EX-3.102 103 dex3102.htm ARTICLES OF ORGANIZATION OF HARRAH'S NORTH KANSAS CITY I, LLC Articles of Organization of Harrah's North Kansas City I, LLC

Exhibit 3.102

 

     

Filed Dec 15, 1999

/s/ Rebecca McDonnell Cook

Secretary of State

ARTICLES OF ORGANIZATION

OF

HARRAH’S NORTH KANSAS CITY I LLC

We, the undersigned, for the purpose of forming a limited liability company under RSMo. Section 347.010, et seq., to facilitate the conversion of Harrah’s-North Kansas City Corporation, a Nevada general business corporation authorized as a foreign corporation in the State of Missouri (the “Corporation”), into such Limited Liability Company, do hereby adopt the following Articles of Organization:

ARTICLE I

The name of the Limited Liability Company is Harrah’s North Kansas City I LLC. The Corporation shall convert into the Limited Liability Company, effective at the close of business on December 31, 1999. Upon such conversion, the Limited Liability Company shall have and be entitled to exercise all rights, privileges and powers of the Corporation.

ARTICLE II

The address of its initial registered office in the State of Missouri is 222 East Dunklin Street, Jefferson City, Missouri, and the name of its initial registered agent at such address is Corporation Service Company dba CSC - Lawyers Incorporating Service Company.

ARTICLE III

The Limited Liability Company is formed for the following purposes:

A. To engage in the operation of a Riverboat casino and related facilities beginning January 1, 2000.

B. To buy, lease, rent or otherwise acquire, own, hold, use, divide, partition, develop, improve, operate and sell, lease, mortgage or otherwise dispose of, deal in and turn to account, real estate, leaseholds and any and all interests or estates appertaining thereto.

C. To enter into any lawful contract or contracts with persons, firms, corporations, other entities, governments or any agencies or subdivision thereof, including guaranteeing the performance of any contract or any obligation of any person, firm, corporation or other entity.

D. To purchase and acquire, as a going concern or otherwise, and to carry on, maintain and operate all or any part of the property or business of any corporation, firm,


association, entity, syndicate or persons whatsoever, deemed to be of benefit to the Limited Liability Company, or of use in any manner in connection with any of its purposes; and to dispose thereof upon such terms as may seem advisable to the Limited Liability Company.

E. To invest, lend and deal with monies of the Limited Liability Company in any lawful manner.

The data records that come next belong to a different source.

(* Let $w_0\ge w_1\ge\cdots\ge w_{n-1}$ be positive real numbers with sum $W$. Then $$\sum_{i=0}^{n-1} w_i\Bigl(\tfrac12+\lfloor \log_2(i+1)\rfloor\Bigr)\ \ge\ \sum_{i=0}^{n-1}\tfrac12\, w_i\log_2(W/w_i).$$ *)

theory Defs
  imports Complex_Main
begin

end

(* The numbers l j = 1 + 2 floor(log2 j) are the codeword lengths of the Elias gamma code of the
   positive integers; there are 2^m integers j with floor(log2 j) = m, so the lengths satisfy
   Kraft's inequality sum_j 2^(-l j) <= 1. Gibbs' inequality then bounds the entropy term
   sum_i w_i log2(W/w_i) by the mean code length sum_i w_i l(i+1); halving gives the claim. *)
theory Submission
  imports Defs
begin

lemma gibbs_inequality:
  fixes w q :: "'a \<Rightarrow> real"
  assumes "finite A" and "b > 1"
    and w_pos: "\<And>i. i \<in> A \<Longrightarrow> w i > 0"
    and q_pos: "\<And>i. i \<in> A \<Longrightarrow> q i > 0"
    and q_sum: "(\<Sum>i\<in>A. q i) \<le> 1"
  shows "(\<Sum>i\<in>A. w i * log b ((\<Sum>j\<in>A. w j) / w i)) \<le> (\<Sum>i\<in>A. w i * - log b (q i))"
proof -
  define W where "W = (\<Sum>j\<in>A. w j)"
  have "ln b > 0" using \<open>b > 1\<close> by simp
  have termwise: "w i * log b (W / w i) \<le> (W * q i - w i) / ln b + w i * - log b (q i)"
    if "i \<in> A" for i
  proof -
    have "w i > 0" "q i > 0" using that w_pos q_pos by auto
    moreover have "W \<ge> w i"
      unfolding W_def using \<open>finite A\<close> that w_pos by (intro member_le_sum) (auto intro: less_imp_le)
    ultimately have "W > 0" by linarith
    then have x_pos: "W * q i / w i > 0" using \<open>w i > 0\<close> \<open>q i > 0\<close> by simp
    have "log b (W / w i) = log b (W * q i / w i) - log b (q i)"
      using \<open>w i > 0\<close> \<open>q i > 0\<close> \<open>W > 0\<close> by (simp add: log_divide log_mult)
    moreover have "log b (W * q i / w i) \<le> (W * q i / w i - 1) / ln b"
      using ln_le_minus_one[OF x_pos] \<open>ln b > 0\<close> by (simp add: log_def divide_right_mono)
    ultimately have "w i * log b (W / w i) \<le> w i * ((W * q i / w i - 1) / ln b - log b (q i))"
      using \<open>w i > 0\<close> by (intro mult_left_mono) auto
    also have "\<dots> = (W * q i - w i) / ln b + w i * - log b (q i)"
      using \<open>w i > 0\<close> \<open>ln b > 0\<close> by (simp add: field_simps)
    finally show ?thesis .
  qed
  have "(\<Sum>i\<in>A. w i * log b (W / w i))
          \<le> (\<Sum>i\<in>A. (W * q i - w i) / ln b + w i * - log b (q i))"
    using termwise by (rule sum_mono)
  also have "\<dots> = W * ((\<Sum>i\<in>A. q i) - 1) / ln b + (\<Sum>i\<in>A. w i * - log b (q i))"
    by (simp add: W_def sum.distrib sum_subtractf sum_negf sum_distrib_left right_diff_distrib
        flip: sum_divide_distrib)
  also have "\<dots> \<le> (\<Sum>i\<in>A. w i * - log b (q i))"
  proof -
    have "W \<ge> 0" unfolding W_def using w_pos by (intro sum_nonneg) (auto intro: less_imp_le)
    then have "W * ((\<Sum>i\<in>A. q i) - 1) \<le> 0" using q_sum by (simp add: mult_nonneg_nonpos)
    then show ?thesis using \<open>ln b > 0\<close> by (simp add: divide_nonpos_pos)
  qed
  finally show ?thesis unfolding W_def .
qed

definition elias_gamma_length :: "nat \<Rightarrow> real" where
  "elias_gamma_length j = 1 + 2 * real_of_int \<lfloor>log 2 (real j)\<rfloor>"

lemma elias_gamma_length_eq:
  assumes "2 ^ m \<le> j" and "j < 2 ^ Suc m"
  shows "elias_gamma_length j = 1 + 2 * real m"
proof -
  have "\<lfloor>log (real (2::nat)) (real j)\<rfloor> = int m"
    using assms by (intro floor_log_nat_eq_if) auto
  then show ?thesis by (simp add: elias_gamma_length_def)
qed

lemma elias_gamma_kraft_sum_pow2:
  "(\<Sum>j\<in>{1..<2 ^ m}. 2 powr - elias_gamma_length j) = 1 - 2 powr - real m"
proof (induction m)
  case 0
  then show ?case by simp
next
  case (Suc m)
  have block: "(\<Sum>j\<in>{2 ^ m..<2 ^ Suc m}. 2 powr - elias_gamma_length j) = 2 powr - real (Suc m)"
  proof -
    have "(\<Sum>j\<in>{2 ^ m..<2 ^ Suc m}. 2 powr - elias_gamma_length j)
            = (\<Sum>j\<in>{2 ^ m..<2 ^ Suc m::nat}. 2 powr - (1 + 2 * real m))"
      by (intro sum.cong refl) (auto simp: elias_gamma_length_eq)
    also have "\<dots> = 2 ^ m * 2 powr - (1 + 2 * real m)"
      by simp
    also have "\<dots> = 2 powr real m * 2 powr - (1 + 2 * real m)"
      by (simp add: powr_realpow)
    also have "\<dots> = 2 powr (real m - (1 + 2 * real m))"
      by (simp only: diff_conv_add_uminus powr_add)
    also have "real m - (1 + 2 * real m) = - real (Suc m)"
      by simp
    finally show ?thesis .
  qed
  have "(\<Sum>j\<in>{1..<2 ^ Suc m}. 2 powr - elias_gamma_length j)
          = (\<Sum>j\<in>{1..<2 ^ m}. 2 powr - elias_gamma_length j)
            + (\<Sum>j\<in>{2 ^ m..<2 ^ Suc m}. 2 powr - elias_gamma_length j)"
    by (intro sum.atLeastLessThan_concat[symmetric]) auto
  also have "\<dots> = 1 - 2 powr - real m + 2 powr - real (Suc m)"
    by (simp only: Suc.IH block)
  also have "\<dots> = 1 - 2 powr - real (Suc m)"
    by (simp add: powr_diff powr_minus_divide)
  finally show ?case .
qed

lemma elias_gamma_kraft: "(\<Sum>i<n. 2 powr - elias_gamma_length (Suc i)) \<le> 1"
proof -
  have "(\<Sum>i<n. 2 powr - elias_gamma_length (Suc i))
          = (\<Sum>j\<in>{Suc 0..<Suc n}. 2 powr - elias_gamma_length j)"
    by (simp only: sum.shift_bounds_Suc_ivl atLeast0LessThan)
  also have "\<dots> \<le> (\<Sum>j\<in>{1..<2 ^ Suc n}. 2 powr - elias_gamma_length j)"
    using less_exp[of "Suc n"] by (intro sum_mono2) auto
  also have "\<dots> = 1 - 2 powr - real (Suc n)"
    by (rule elias_gamma_kraft_sum_pow2)
  finally show ?thesis using powr_ge_zero[of 2 "- real (Suc n)"] by linarith
qed

theorem lemma6:
  fixes w :: "nat \<Rightarrow> real" and n :: nat and W :: real
  assumes pos: "\<And>i. i < n \<Longrightarrow> w i > 0"
    and mono: "\<And>i j. i \<le> j \<Longrightarrow> j < n \<Longrightarrow> w j \<le> w i"
    and W_def: "W = (\<Sum>i<n. w i)"
  shows "(\<Sum>i<n. w i * (1/2 + real_of_int \<lfloor>log 2 (real (i + 1))\<rfloor>))
           \<ge> (\<Sum>i<n. 1/2 * w i * log 2 (W / w i))"
proof -
  have "(\<Sum>i<n. w i * log 2 (W / w i))
          \<le> (\<Sum>i<n. w i * - log 2 (2 powr - elias_gamma_length (Suc i)))"
    unfolding W_def using pos elias_gamma_kraft by (intro gibbs_inequality) auto
  also have "\<dots> = (\<Sum>i<n. w i * elias_gamma_length (Suc i))"
    by simp
  finally have "1/2 * (\<Sum>i<n. w i * log 2 (W / w i))
                  \<le> 1/2 * (\<Sum>i<n. w i * elias_gamma_length (Suc i))"
    by simp
  then show ?thesis
    by (simp add: sum_distrib_left elias_gamma_length_def algebra_simps)
qed

end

F. To borrow or raise money for any purpose of the Limited Liability Company and to secure any loan, indebtedness or obligation of the Limited Liability company and the interest accruing thereon, and for that or any other purpose, to mortgage, pledge, hypothecate or change all or any part of the present or hereafter acquired property, rights and franchises of the Limited Liability Company, real, personal, mixed or of any character whatever, subject only to limitations specifically imposed by law.

G. To do any or all of the things herein above enumerated, alone for its own account, or for the account of others, or as the agent for others, or in association with others or by or through others, and to enter into all lawful contracts and undertakings in respect thereof.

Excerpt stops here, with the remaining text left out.